The Pros and Cons of Using Earn-Outs in Business Sales

When a buyer and a seller can’t quite agree on what a company is worth today, they often turn to an earn-out. In simple terms, an earn-out ties part of the purchase price to the business’s future performance—usually revenue or profit targets—over a set number of years.

That structure can feel like a handshake that says, “Prove it, and I’ll pay.” While earn-outs can smooth negotiations, they also carry real risks. Understanding both sides of the ledger helps owners decide whether this deal sweetener is worth the extra complexity.

What an Earn-Out Really Means

An earn-out inserts a deferred payment schedule into the sale agreement, splitting the price into an upfront sum and later installments triggered by performance milestones. For instance, a buyer might pay 70 percent at closing and the remaining 30 percent if EBITDA hits the agreed-upon targets over the next three years.

On paper, that sounds straightforward, but the devil is in the definitions: which accounting standards apply, how revenue is recognized, and who controls key spending decisions after the sale. Because those details determine whether targets are met, drafting the earn-out language with extreme clarity is essential.

Upsides: Bridging Gaps and Aligning Goals

The biggest advantage of an earn-out is its power to bridge valuation gaps. Sellers who believe their brand is poised for rapid growth can “prove” that upside rather than accept a lower all-cash offer. Buyers, meanwhile, limit their risk by paying full price only if the hoped-for growth materializes.

Earn-outs also keep departing owners and key managers engaged, often requiring them to stay on in advisory roles to steer the company toward its targets. That continuity can boost morale, retain customers, and maintain momentum during a vulnerable transition period—all while signaling to employees that leadership still has skin in the game.

Downsides: Delays, Disputes, and Opportunity Costs

Earn-outs are famously fertile ground for post-closing disputes.

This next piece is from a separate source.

(* Let $G$ be a topological group, $m\in\mathbb N\cup\{\infty\}$, $\rho\colon G\to\mathrm{Isom}(\mathbf H^m_{\mathbb C})_o$ a representation, and $x\in\mathbf H^m_{\mathbb C}$ a point with total orbit. Let $\alpha(g_1,g_2,g_3)=\mathrm{Cart}(\rho(g_1)x,\rho(g_2)x,\rho(g_3)x)$. If there exists an alternating $G$-invariant $1$-cochain $\omega\colon G^2\to\mathbb R$ with $\partial\omega=\alpha$, then $\rho$ admits a lift to a homomorphism $\tilde\rho\colon G\to U(1,m)$ (i.e. $\tilde\rho(g)$ induces $\rho(g)$ for every $g$).
   Context: $\mathbf H^m_{\mathbb C}$ is the projectivization of the positive vectors of a separable complex Hilbert space with a strongly non-degenerate Hermitian form $B$ of signature $(1,m)$ (linear in the first variable), with $\cosh d([v],[w])=|B(v,w)|/\sqrt{B(v,v)B(w,w)}$; $U(1,m)$ is the group of $B$-unitary maps, and $\mathrm{Isom}(\mathbf H^m_{\mathbb C})_o=PU(1,m)$. A representation is an orbitally continuous homomorphism. A subset of $\mathbf H^m_{\mathbb C}$ is total if no proper closed complex subspace contains lifts of all its points. The Cartan argument is $\mathrm{Cart}(x,y,z)=\arg\big(B(\tilde x,\tilde y)B(\tilde y,\tilde z)B(\tilde z,\tilde x)\big)\in(-\pi/2,\pi/2)$ for any lifts. A $1$-cochain $\omega$ is alternating if $\omega(l,g)=-\omega(g,l)$ and $G$-invariant if $\omega(hg,hl)=\omega(g,l)$; $\partial\omega(g,l,k)=\omega(l,k)-\omega(g,k)+\omega(g,l)$. *)

theory Defs
  imports "HOL-Analysis.Analysis" "HOL-Library.Extended_Nat" "HOL-Algebra.Group"
begin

Buyers might fold the acquired firm into a larger unit, shift expenses, or change sales strategies, any of which can dent short-term earnings and jeopardize an earn-out payment. Even with the best intentions, economic swings or supply-chain shocks can make reasonable targets suddenly unreachable.

Meanwhile, sellers effectively finance part of the deal interest-free and live with years of uncertainty about when—or whether—they’ll see the rest of their money. Legal fees, strained relationships, and distracted management teams are common by-products when actual results start diverging from rosy projections.

Making Earn-Outs Work: Practical Safeguards

If you decide that an earn-out is the right route for selling your business, build guardrails early. First, choose performance metrics that are as tamper-proof as possible—top-line revenue is often simpler than profit, which can be massaged with accounting moves. Second, outline in writing who controls budgeting, hiring, and major strategic pivots during the earn-out period, and consider carve-outs that adjust targets if market-wide shocks strike.

Third, negotiate dispute-resolution mechanisms upfront, such as appointing a neutral accountant whose judgment is binding. Finally, cap the earn-out period: three years is common, five is pushing it, and anything longer can turn a straightforward exit into an endless engagement.

Conclusion

Earn-outs can be a creative way to unlock deals that would otherwise stall, rewarding both sides if the business thrives after the handover. Yet they also introduce complexity, prolong risk, and create fertile ground for conflict. Sellers must weigh the lure of a higher overall price against the certainty and freedom that come with an all-cash exit, while buyers should assess whether the future performance they’re banking on is truly within reach.

With clear metrics, solid legal drafting, and realistic expectations, an earn-out can turn mutual doubt into mutual gain—but only if both parties remain partners long enough to see the final payment cross the finish line.